In the 207-kb candidate mapping region, we found 25 genes (Figure 4A and Supplementary Table 2). We identified SNPs and InDels of all 25 genes in the two parents, and SNPs or InDels in 11 genes resulted in non-synonymous amino acid substitutions or frameshift mutation in the deduced protein sequences (Figure 4B). Of these 11 genes, only two (Glyma.11G028900 and Glyma.11G029900) harbored InDels predicted to cause frameshifts (Figure 4B and Supplementary Table 3).

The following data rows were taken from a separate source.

(* Let $a\in(0,1)$, $b>0$, $m\in\mathbb{R}$, and for $t\in(0,1)$ let \[ G_m(t)=F(1-a,b;2b+1;t)-(1-t)^{1-m}F(1-a,b+1;2b+1;t). \] Let $m_0=\frac{a+2b}{1+2b}$ and define \[ E^+=\{m\le m_0\}\cap\Bigl(\{a+b\ge1>m\}\cup\{m<a+b<1\}\cup\{m=a+b\le\tfrac12\}\Bigr), \] \[ E^-=\{m\ge m_0\}\cap\Bigl(\{a+b\ge1,\ m\ge1\}\cup\{\tfrac12\le m=a+b<1\}\cup\{a+b<1,\ a+b<m\}\Bigr), \] as sets of triples $(a,b,m)$. (i) If $G_m(t)\ge0$ for all $t\in(0,1)$, then $(a,b,m)\in E^+$. (ii) If $G_m(t)\le0$ for all $t\in(0,1)$, then $(a,b,m)\in E^-$.
   Context: For real $a,b,c$ with $c\notin\{0,-1,-2,\dots\}$, $F(a,b;c;x)=\sum_{n\ge0}\frac{(a)_n(b)_n}{(c)_n}\frac{x^n}{n!}$ for $x\in(-1,1)$, where $(a)_0=1$ and $(a)_n=a(a+1)\cdots(a+n-1)$. *)

theory Defs
  imports "HOL-Analysis.Analysis"
begin

text \<open>Gauss hypergeometric series F(a,b;c;x) = sum_n (a)_n (b)_n / (c)_n x^n / n!,
  used for x in (-1,1) and c not a nonpositive integer.\<close>
definition hyp2F1 :: "real \<Rightarrow> real \<Rightarrow> real \<Rightarrow> real \<Rightarrow> real" where
  "hyp2F1 a b c x = (\<Sum>n. pochhammer a n * pochhammer b n / pochhammer c n * x ^ n / fact n)"

definition G :: "real \<Rightarrow> real \<Rightarrow> real \<Rightarrow> real \<Rightarrow> real" where
  "G a b m t = hyp2F1 (1 - a) b (2*b + 1) t
              - (1 - t) powr (1 - m) * hyp2F1 (1 - a) (b + 1) (2*b + 1) t"

definition m0 :: "real \<Rightarrow> real \<Rightarrow> real" where
  "m0 a b = (a + 2*b) / (1 + 2*b)"

definition Eplus :: "(real \<times> real \<times> real) set" where
  "Eplus = {(a,b,m). m \<le> m0 a b \<and>
      ((a + b \<ge> 1 \<and> 1 > m) \<or> (m < a + b \<and> a + b < 1) \<or> (m = a + b \<and> a + b \<le> 1/2))}"

definition Eminus :: "(real \<times> real \<times> real) set" where
  "Eminus = {(a,b,m). m \<ge> m0 a b \<and>
      ((a + b \<ge> 1 \<and> m \<ge> 1) \<or> (1/2 \<le> m \<and> m = a + b \<and> a + b < 1) \<or> (a + b < 1 \<and> a + b < m))}"

end

theory Submission
  imports Defs
begin

text \<open>
  Both implications are read off at the two ends of the interval. At \<open>t = 0\<close> the function
  \<open>G\<close> vanishes with slope \<open>m0 - m\<close>, which forces \<open>m \<le> m0\<close> (resp. \<open>m \<ge> m0\<close>).
  Near \<open>t = 1\<close> we compare, via the ratios of consecutive coefficients, the series
  \<open>F(p,q;r;t)\<close> with binomial series \<open>(1 - t)^(-s) = F(s,1;1;t)\<close>: one gets
  \<open>F(p,q;r;t) = O((1 - t)^(-\<sigma>))\<close> for every \<open>\<sigma> > max 0 (p + q - r)\<close>, and
  \<open>F(p,q;r;t) \<ge> (1 - t)^(r - p - q)\<close> if \<open>r < p + q\<close> and \<open>(r - p)(r - q) \<ge> 0\<close>.
  So for \<open>a + b < min 1 m\<close> the subtracted term of \<open>G\<close> blows up faster than the first one
  and \<open>G < 0\<close> near 1, whereas for \<open>m < min 1 (a + b)\<close> it tends to 0 while the first term
  stays \<open>\<ge> 1\<close>, so \<open>G > 0\<close> near 1. The rest is elementary, using \<open>m0 < 1\<close> and
  \<open>m0 \<le> a + b \<longleftrightarrow> 1/2 \<le> a + b\<close>.
\<close>

lemma le_Max_ratio_mult:
  fixes f g :: "nat \<Rightarrow> real"
  assumes pos: "\<And>n. 0 < g n"
    and step: "\<And>n. N \<le> n \<Longrightarrow> f (Suc n) * g n \<le> f n * g (Suc n)"
  shows "f n \<le> Max ((\<lambda>k. f k / g k) ` {..N}) * g n"
proof -
  define M where "M = Max ((\<lambda>k. f k / g k) ` {..N})"
  have "f n / g n \<le> M"
  proof (induction n)
    case 0
    show ?case unfolding M_def by (intro Max_ge) auto
  next
    case (Suc n)
    show ?case
    proof (cases "Suc n \<le> N")
      case True
      then show ?thesis unfolding M_def by (intro Max_ge) auto
    next
      case False
      then have "f (Suc n) / g (Suc n) \<le> f n / g n"
        using step[of n] pos[of n] pos[of "Suc n"] by (simp add: divide_simps mult.commute)
      with Suc.IH show ?thesis by linarith
    qed
  qed
  with pos[of n] show ?thesis unfolding M_def by (simp add: divide_le_eq)
qed

lemma eventually_at_right_gt_if_deriv_pos:
  fixes f :: "real \<Rightarrow> real"
  assumes "(f has_field_derivative D) (at x)" "0 < D"
  shows "eventually (\<lambda>t. f x < f t) (at_right x)"
proof -
  obtain d where d: "0 < d" "\<And>h. 0 < h \<Longrightarrow> h < d \<Longrightarrow> f x < f (x + h)"
    using DERIV_pos_inc_right[OF assms] by blast
  then show ?thesis
    unfolding eventually_at_right_field
    by (intro exI[of _ "x + d"]) (auto intro: d(2)[of "y - x" for y, simplified])
qed

lemma eventually_at_right_lt_if_deriv_neg:
  fixes f :: "real \<Rightarrow> real"
  assumes "(f has_field_derivative D) (at x)" "D < 0"
  shows "eventually (\<lambda>t. f t < f x) (at_right x)"
  using eventually_at_right_gt_if_deriv_pos[of "\<lambda>t. - f t" "- D" x] assms
  by (simp add: DERIV_minus)

lemma ex_unit_interval_if_eventually_at_right_0:
  assumes "eventually P (at_right (0::real))"
  shows "\<exists>t. 0 < t \<and> t < 1 \<and> P t"
  using eventually_happens'[OF _ eventually_conj[OF eventually_at_right_real[of 0 1] assms]] by auto

lemma ex_unit_interval_if_eventually_at_left_1:
  assumes "eventually P (at_left (1::real))"
  shows "\<exists>t. 0 < t \<and> t < 1 \<and> P t"
  using eventually_happens'[OF _ eventually_conj[OF eventually_at_left_real[of 0 1] assms]] by auto

lemma tendsto_one_minus_powr_at_left_1:
  assumes "0 < \<delta>"
  shows "((\<lambda>t. (1 - t) powr \<delta>) \<longlongrightarrow> 0) (at_left (1::real))"
proof (rule tendsto_zero_powrI)
  show "((\<lambda>t. 1 - t) \<longlongrightarrow> 0) (at_left (1::real))"
    by (intro tendsto_eq_intros) auto
  show "eventually (\<lambda>t. 0 \<le> 1 - t) (at_left (1::real))"
    using eventually_at_left_real[OF zero_less_one] by (rule eventually_mono) simp
qed (use assms in auto)

lemma filterlim_one_minus_powr_neg_at_left_1:
  assumes "0 < \<delta>"
  shows "filterlim (\<lambda>t. (1 - t) powr (- \<delta>)) at_top (at_left (1::real))"
proof -
  have "filterlim (\<lambda>t. inverse ((1 - t) powr \<delta>)) at_top (at_left (1::real))"
    using tendsto_one_minus_powr_at_left_1[OF assms] eventually_at_left_real[OF zero_less_one]
    by (intro filterlim_inverse_at_top) (auto elim: eventually_mono)
  then show ?thesis
    by (simp add: powr_minus)
qed

definition hyp2F1_coeff :: "real \<Rightarrow> real \<Rightarrow> real \<Rightarrow> nat \<Rightarrow> real" where
  "hyp2F1_coeff p q r n = pochhammer p n * pochhammer q n / pochhammer r n / fact n"

lemma hyp2F1_eq_suminf: "hyp2F1 p q r x = (\<Sum>n. hyp2F1_coeff p q r n * x ^ n)"
  unfolding hyp2F1_def hyp2F1_coeff_def by (simp add: algebra_simps)

lemma hyp2F1_coeff_0 [simp]: "hyp2F1_coeff p q r 0 = 1"
  by (simp add: hyp2F1_coeff_def)

lemma hyp2F1_coeff_Suc:
  assumes "0 < r"
  shows "hyp2F1_coeff p q r (Suc n) =
           hyp2F1_coeff p q r n * ((p + n) * (q + n) / ((r + n) * (n + 1)))"
proof -
  have "pochhammer r n \<noteq> 0" "r + n \<noteq> 0"
    using assms by (auto simp: pochhammer_eq_0_iff add_pos_nonneg intro!: less_imp_neq[symmetric])
  then show ?thesis
    unfolding hyp2F1_coeff_def pochhammer_Suc fact_Suc by (simp add: field_simps)
qed

lemma hyp2F1_coeff_pos: "0 < p \<Longrightarrow> 0 < q \<Longrightarrow> 0 < r \<Longrightarrow> 0 < hyp2F1_coeff p q r n"
  by (simp add: hyp2F1_coeff_def pochhammer_pos)

lemma sums_binomial_series:
  assumes "\<bar>t\<bar> < 1"
  shows "(\<lambda>n. hyp2F1_coeff s 1 1 n * t ^ n) sums (1 - t) powr (- s)"
proof -
  have "(\<lambda>n. ((- s) gchoose n) * (- t) ^ n) sums (1 + (- t)) powr (- s)"
    by (rule gen_binomial_real) (use assms in simp)
  moreover have "((- s) gchoose n) * (- t) ^ n = hyp2F1_coeff s 1 1 n * t ^ n" for n
    unfolding gbinomial_pochhammer hyp2F1_coeff_def pochhammer_fact[symmetric]
    by (simp add: power_minus' field_simps)
  ultimately show ?thesis by simp
qed

lemma hyp2F1_coeff_ratio_le:
  assumes "0 < p" "0 < q" "0 < r" "0 < p'" "0 < q'" "0 < r'"
    and "(p + n) * (q + n) * (r' + n) \<le> (p' + n) * (q' + n) * (r + n)"
  shows "hyp2F1_coeff p q r (Suc n) * hyp2F1_coeff p' q' r' n
           \<le> hyp2F1_coeff p q r n * hyp2F1_coeff p' q' r' (Suc n)"
proof -
  have "(p + n) * (q + n) / ((r + n) * (n + 1)) \<le> (p' + n) * (q' + n) / ((r' + n) * (n + 1))"
    using assms by (simp add: divide_simps add_pos_nonneg)
  then have "hyp2F1_coeff p q r n * hyp2F1_coeff p' q' r' n * ((p + n) * (q + n) / ((r + n) * (n + 1)))
      \<le> hyp2F1_coeff p q r n * hyp2F1_coeff p' q' r' n * ((p' + n) * (q' + n) / ((r' + n) * (n + 1)))"
    using assms by (intro mult_left_mono) (simp_all add: hyp2F1_coeff_pos less_imp_le)
  then show ?thesis
    using assms by (simp add: hyp2F1_coeff_Suc ac_simps)
qed

lemma hyp2F1_coeff_le_binomial:
  assumes "0 < p" "0 < q" "0 < r" "0 < \<sigma>" "p + q < r + \<sigma>"
  shows "\<exists>M. \<forall>n. hyp2F1_coeff p q r n \<le> M * hyp2F1_coeff \<sigma> 1 1 n"
proof -
  obtain N :: nat where N: "p * q / (r + \<sigma> - p - q) \<le> N"
    by (meson real_arch_simple)
  have "(p + n) * (q + n) * (1 + n) \<le> (\<sigma> + n) * (1 + n) * (r + n)" if "N \<le> n" for n
  proof -
    have "p * q / (r + \<sigma> - p - q) \<le> n"
      using N that by (meson of_nat_le_iff order_trans)
    then have "p * q \<le> n * (r + \<sigma> - p - q)"
      using assms by (simp add: divide_le_eq mult.commute)
    moreover have "0 < \<sigma> * r"
      using assms by simp
    ultimately have "(p + n) * (q + n) \<le> (\<sigma> + n) * (r + n)"
      by (simp add: algebra_simps)
    then show ?thesis
      by (simp add: mult_right_mono mult.commute mult.left_commute)
  qed
  then have "hyp2F1_coeff p q r n
      \<le> Max ((\<lambda>k. hyp2F1_coeff p q r k / hyp2F1_coeff \<sigma> 1 1 k) ` {..N}) * hyp2F1_coeff \<sigma> 1 1 n" for n
    using assms by (intro le_Max_ratio_mult) (simp_all add: hyp2F1_coeff_pos hyp2F1_coeff_ratio_le)
  then show ?thesis
    by blast
qed

lemma binomial_le_hyp2F1_coeff:
  assumes "0 < p" "0 < q" "0 < r" "r < p + q" "0 \<le> (r - p) * (r - q)"
  shows "hyp2F1_coeff (p + q - r) 1 1 n \<le> hyp2F1_coeff p q r n"
proof -
  have "(p + q - r + k) * (1 + k) * (r + k) \<le> (p + k) * (q + k) * (1 + k)" for k :: nat
  proof -
    have "(p + q - r + k) * (r + k) \<le> (p + k) * (q + k)"
      \<comment> \<open>the difference is \<open>(r - p) * (r - q)\<close>\<close>
      using assms by (simp add: algebra_simps)
    then show ?thesis
      by (simp add: mult_right_mono mult.commute mult.left_commute)
  qed
  then show ?thesis
    using le_Max_ratio_mult[of "hyp2F1_coeff p q r" 0 "hyp2F1_coeff (p + q - r) 1 1" n] assms
    by (simp add: hyp2F1_coeff_pos hyp2F1_coeff_ratio_le)
qed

To further screen candidate genes, we searched an RNA-seq database and retrieved the expression data for 11 candidate genes with DNA sequences differing between DN50 and XQD. We analyzed data for seven tissues: flower, leaves, pod, stem, nodules, seed, and root (Machado et al., 2020). Seven genes were constitutively expressed in all tissues: Glyma.11G028900, Glyma.11G029500, Glyma.11G029800, Glyma.11G030000, Glyma.11G030600, Glyma.11G031100, and Glyma.11G031000 (Figures 5A–G). Glyma.11G030900 was highly expressed in all tissues except the seeds (Figure 5H). The other three genes displayed low transcript abundance in most tissues; however, Glyma.11G029900 showed high expression in the stem, Glyma.11G030300 was highly expressed in roots, and Glyma.11G030800 was abundant in nodules and seeds (Figures 5I–K). Given that Glyma.11G029900, Glyma.11G030300, and Glyma.11G030800 were barely expressed in leaves, we excluded these three genes from this candidate region and subsequent analyses.

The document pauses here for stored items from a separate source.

lemma w2_half_mix_mc_fixed_le:
  assumes "CARD('n::finite) \<ge> 2" "\<rho> > 0" "m\<^sup>2 < \<rho>" "m'\<^sup>2 < \<rho>"
  shows "w2 (half_mix (mc_fixed m \<rho>) (mc_fixed (- m) \<rho>) :: (real^'n) measure)
              (half_mix (mc_fixed m' \<rho>) (mc_fixed (- m') \<rho>))
           \<le> rescale_distance \<rho> m m'"
proof -
  have "(- m)\<^sup>2 < \<rho>" "(- m')\<^sup>2 < \<rho>"
    using assms(3,4) by simp_all
  note plus = couplings_mc_fixed_rescale[OF assms]
    and minus = couplings_mc_fixed_rescale[OF assms(1,2) this]
  let ?\<gamma> = "\<lambda>a a'. distr (mc_fixed a \<rho> :: (real^'n) measure) borel (\<lambda>x. (x, surface_rescale \<rho> a a' x))"
  have "{p :: (real^'n) \<times> (real^'n). (fst p - snd p) \<bullet> (fst p - snd p) \<le> (rescale_distance \<rho> m m')\<^sup>2 * real CARD('n)}
      \<in> sets borel"
    by (intro borel_closed closed_Collect_le continuous_intros)
  moreover have "AE p in ?\<gamma> m m'. (fst p - snd p) \<bullet> (fst p - snd p) \<le> (rescale_distance \<rho> m m')\<^sup>2 * real CARD('n)"
    using plus(2) by eventually_elim simp
  moreover have "AE p in ?\<gamma> (- m) (- m').
      (fst p - snd p) \<bullet> (fst p - snd p) \<le> (rescale_distance \<rho> m m')\<^sup>2 * real CARD('n)"
    using minus(2) by eventually_elim (simp add: rescale_distance_uminus)
  ultimately have "AE p in half_mix (?\<gamma> m m') (?\<gamma> (- m) (- m')).
      (fst p - snd p) \<bullet> (fst p - snd p) \<le> (rescale_distance \<rho> m m')\<^sup>2 * real CARD('n)"
    by (intro AE_half_mixI) simp_all
  with couplings_half_mix[OF plus(1) minus(1)] have "w2 (half_mix (mc_fixed m \<rho>) (mc_fixed (- m) \<rho>) :: (real^'n) measure)
      (half_mix (mc_fixed m' \<rho>) (mc_fixed (- m') \<rho>)) \<le> sqrt ((rescale_distance \<rho> m m')\<^sup>2)"
    by (intro w2_le_sqrt) simp_all
  then show ?thesis
    by (simp add: rescale_distance_def)
qed

section \<open>From magnetizations to energies\<close>

text \<open>With \<open>r = sqrt (\<rho> - m\<^sup>2)\<close> and \<open>r' = sqrt (\<rho> - m'\<^sup>2)\<close>, both \<open>m - m'\<close> and \<open>r' - r\<close> equal
  \<open>m\<^sup>2 - m'\<^sup>2\<close> divided by a sum of two non-negative roots; dropping the primed root in each
  denominator and using \<open>m\<^sup>2 + r\<^sup>2 = \<rho>\<close> gives the bound.\<close>

lemma rescale_distance_le:
  fixes m m' \<rho> :: real
  assumes "0 < m" "0 \<le> m'" "m\<^sup>2 < \<rho>" "m'\<^sup>2 < \<rho>"
  shows "rescale_distance \<rho> m m' \<le> \<bar>m\<^sup>2 - m'\<^sup>2\<bar> / (m * sqrt (1 - m\<^sup>2 / \<rho>))"
proof -
  define r where "r = sqrt (\<rho> - m\<^sup>2)"
  define r' where "r' = sqrt (\<rho> - m'\<^sup>2)"
  define d where "d = m\<^sup>2 - m'\<^sup>2"
  have "\<rho> > 0" "r > 0" "r' \<ge> 0"
    using assms by (auto simp: r_def r'_def intro: order.strict_trans1[OF zero_le_power2])
  have r_sq: "r\<^sup>2 = \<rho> - m\<^sup>2" "r'\<^sup>2 = \<rho> - m'\<^sup>2"
    using assms(3,4) by (simp_all add: r_def r'_def)
  have "(m - m') * (m + m') = d"
    by (simp add: d_def power2_eq_square algebra_simps)
  then have "m - m' = d / (m + m')"
    using assms(1,2) by (simp add: field_simps)
  moreover have "(r - r') * (r + r') = - d"
    using r_sq by (simp add: d_def power2_eq_square algebra_simps)
  then have "r - r' = - d / (r + r')"
    using \<open>r > 0\<close> \<open>r' \<ge> 0\<close> by (simp add: field_simps)
  ultimately have "(m - m')\<^sup>2 + (r - r')\<^sup>2 = d\<^sup>2 / (m + m')\<^sup>2 + d\<^sup>2 / (r + r')\<^sup>2"
    by (simp add: power_divide)
  moreover have "d\<^sup>2 / (m + m')\<^sup>2 \<le> d\<^sup>2 / m\<^sup>2" "d\<^sup>2 / (r + r')\<^sup>2 \<le> d\<^sup>2 / r\<^sup>2"
    using assms(1,2) \<open>r > 0\<close> \<open>r' \<ge> 0\<close> by (auto intro!: divide_left_mono power_mono)
  moreover have "d\<^sup>2 / m\<^sup>2 + d\<^sup>2 / r\<^sup>2 = (\<bar>d\<bar> / (m * sqrt (1 - m\<^sup>2 / \<rho>)))\<^sup>2"
  proof -
    have "1 - m\<^sup>2 / \<rho> = r\<^sup>2 / \<rho>"
      using \<open>\<rho> > 0\<close> r_sq by (simp add: field_simps)
    then have "\<bar>d\<bar> / (m * sqrt (1 - m\<^sup>2 / \<rho>)) = \<bar>d\<bar> * sqrt \<rho> / (m * r)"
      using \<open>\<rho> > 0\<close> \<open>r > 0\<close> by (simp add: real_sqrt_divide field_simps)
    moreover have "d\<^sup>2 / m\<^sup>2 + d\<^sup>2 / r\<^sup>2 = d\<^sup>2 * (m\<^sup>2 + r\<^sup>2) / (m\<^sup>2 * r\<^sup>2)"
      using assms(1) \<open>r > 0\<close> by (simp add: field_simps)
    ultimately show ?thesis
      using \<open>\<rho> > 0\<close> r_sq by (simp add: power_divide power_mult_distrib)
  qed
  ultimately have "(m - m')\<^sup>2 + (r - r')\<^sup>2 \<le> (\<bar>d\<bar> / (m * sqrt (1 - m\<^sup>2 / \<rho>)))\<^sup>2"
    by linarith
  moreover have "0 \<le> \<bar>d\<bar> / (m * sqrt (1 - m\<^sup>2 / \<rho>))"
    using assms(1,3) \<open>\<rho> > 0\<close> by simp
  ultimately show ?thesis
    unfolding rescale_distance_def r_def r'_def d_def by (simp add: real_le_lsqrt)
qed

lemma rescale_distance_from_zero_le:
  fixes m' \<rho> :: real
  assumes "0 \<le> m'" "m'\<^sup>2 < \<rho>"
  shows "rescale_distance \<rho> 0 m' \<le> sqrt 2 * m'"
proof -
  define s where "s = sqrt \<rho>"
  define r' where "r' = sqrt (\<rho> - m'\<^sup>2)"
  have "0 \<le> \<rho> - m'\<^sup>2" "0 \<le> \<rho>"
    using assms(2) zero_le_power2[of m'] by linarith+
  then have "0 \<le> r'" "r' \<le> s" "s\<^sup>2 - r'\<^sup>2 = m'\<^sup>2"
    by (simp_all add: s_def r'_def)
  then have "(s - r')\<^sup>2 \<le> (s - r') * (s + r')"
    by (simp add: power2_eq_square mult_left_mono)
  also have "\<dots> = m'\<^sup>2"
    using \<open>s\<^sup>2 - r'\<^sup>2 = m'\<^sup>2\<close> by (simp add: power2_eq_square algebra_simps)
  finally have "(s - r')\<^sup>2 \<le> m'\<^sup>2" .
  then have "sqrt ((0 - m')\<^sup>2 + (s - r')\<^sup>2) \<le> sqrt (2 * m'\<^sup>2)"
    by simp
  then show ?thesis
    using assms(1) by (simp add: rescale_distance_def s_def r'_def real_sqrt_mult)
qed

definition magnetization :: "real \<Rightarrow> real \<Rightarrow> real" where
  "magnetization J \<epsilon> = sqrt (-2 * \<epsilon> / J)"

lemma mc_energy_eq_half_mix:
  "mc_energy J \<epsilon> \<rho> = half_mix (mc_fixed (magnetization J \<epsilon>) \<rho>) (mc_fixed (- magnetization J \<epsilon>) \<rho>)"
  by (simp add: mc_energy_def magnetization_def)

lemma magnetization:
  assumes "J > 0" "- (\<rho> * J / 2) < \<epsilon>" "\<epsilon> \<le> 0"
  shows "0 \<le> magnetization J \<epsilon>" "(magnetization J \<epsilon>)\<^sup>2 = -2 * \<epsilon> / J" "(magnetization J \<epsilon>)\<^sup>2 < \<rho>"
proof -
  show "0 \<le> magnetization J \<epsilon>" and sq: "(magnetization J \<epsilon>)\<^sup>2 = -2 * \<epsilon> / J"
    using assms(1,3) by (simp_all add: magnetization_def divide_nonpos_pos)
  show "(magnetization J \<epsilon>)\<^sup>2 < \<rho>"
    using assms(1,2) by (simp add: sq field_simps)
qed

lemma rescale_distance_energy_le:
  assumes "J > 0" "- (\<rho> * J / 2) < \<epsilon>" "\<epsilon> < 0" "- (\<rho> * J / 2) < \<epsilon>'" "\<epsilon>' \<le> 0"
  shows "rescale_distance \<rho> (magnetization J \<epsilon>) (magnetization J \<epsilon>')
           \<le> (2 / J) * (1 / (sqrt (- (2 * \<epsilon>) / J) * sqrt (1 - (- (2 * \<epsilon>) / (J * \<rho>))))) * \<bar>\<epsilon> - \<epsilon>'\<bar>"
proof -
  let ?m = "magnetization J \<epsilon>" and ?m' = "magnetization J \<epsilon>'"
  note m = magnetization[OF assms(1,2) less_imp_le[OF assms(3)]] and m' = magnetization[OF assms(1,4,5)]
  have "?m > 0"
    using assms(1,3) by (simp add: magnetization_def divide_neg_pos)
  have "\<epsilon> - \<epsilon>' = - (J / 2) * (?m\<^sup>2 - ?m'\<^sup>2)"
    using assms(1) by (simp add: m(2) m'(2) field_simps)
  then have "2 / J * \<bar>\<epsilon> - \<epsilon>'\<bar> = \<bar>?m\<^sup>2 - ?m'\<^sup>2\<bar>"
    using assms(1) by (simp add: abs_mult)
  moreover have "- (2 * \<epsilon>) / (J * \<rho>) = ?m\<^sup>2 / \<rho>"
    using assms(1) by (simp add: m(2) field_simps)
  moreover have "sqrt (- (2 * \<epsilon>) / J) = ?m"
    by (simp add: magnetization_def)
  ultimately have "(2 / J) * (1 / (sqrt (- (2 * \<epsilon>) / J) * sqrt (1 - (- (2 * \<epsilon>) / (J * \<rho>))))) * \<bar>\<epsilon> - \<epsilon>'\<bar>
      = \<bar>?m\<^sup>2 - ?m'\<^sup>2\<bar> / (?m * sqrt (1 - ?m\<^sup>2 / \<rho>))"
    by (metis (no_types, lifting) divide_divide_eq_left' mult.commute times_divide_eq_left mult_1)
  then show ?thesis
    using rescale_distance_le[OF \<open>?m > 0\<close> m'(1) m(3) m'(3)] by simp
qed

lemma rescale_distance_energy_zero_le:
  assumes "J > 0" "- (\<rho> * J / 2) < \<epsilon>'" "\<epsilon>' \<le> 0"
  shows "rescale_distance \<rho> (magnetization J 0) (magnetization J \<epsilon>') \<le> (2 / sqrt J) * sqrt \<bar>\<epsilon>'\<bar>"
proof -
  note m' = magnetization[OF assms]
  have "rescale_distance \<rho> 0 (magnetization J \<epsilon>') \<le> sqrt 2 * magnetization J \<epsilon>'"
    by (rule rescale_distance_from_zero_le[OF m'(1,3)])
  also have "\<dots> = sqrt (2 * (magnetization J \<epsilon>')\<^sup>2)"
    using m'(1) by (simp add: real_sqrt_mult)
  also have "2 * (magnetization J \<epsilon>')\<^sup>2 = 4 * \<bar>\<epsilon>'\<bar> / J"
    using assms(3) by (simp add: m'(2))
  also have "sqrt (4 * \<bar>\<epsilon>'\<bar> / J) = (2 / sqrt J) * sqrt \<bar>\<epsilon>'\<bar>"
    by (simp add: real_sqrt_divide real_sqrt_mult)
  finally show ?thesis
    by (simp add: magnetization_def)
qed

We next tested the expression of the eight candidate genes in response to SC7 or mock inoculation of DN50 leaves. Five of eight genes showed altered expression patterns following SC7 treatment as compared to mock inoculation: the expression levels of Glyma.11G028900 and Glyma.11G030600 were induced at 4 h post-inoculation; Glyma.11G029500, Glyma.11G030000, and Glyma.11G030900 were upregulated at 24 h post-inoculation; however, transcript levels of Glyma.11G029800, Glyma.11G031000, and Glyma.11G031100 did not change after SC7 inoculation (Figures 6A–H). These results suggested that Glyma.11G028900, Glyma.11G030600, Glyma.11G029500, Glyma.11G030000, and Glyma.11G030900 were the main candidate genes for the R_SMV-11 locus. Of these genes, only Glyma.11G028900 harbored a SNP and InDel variation in its coding sequence, resulting in a frameshift (Figure 2B). In addition, according to gene function annotation in the Phytozome database (Liu et al., 2016), Glyma.11G028900 corresponds to GmMATE68, a gene that encodes a multidrug and toxic compound extrusion (MATE) transporter. MATE transporters result in pleiotropic phenotypes, including enhanced plant disease resistance (Nawrath et al., 2002; Ishihara et al., 2008). Taken together, these results indicate that GmMATE68 is a likely candidate gene for the R_SMV-11 locus.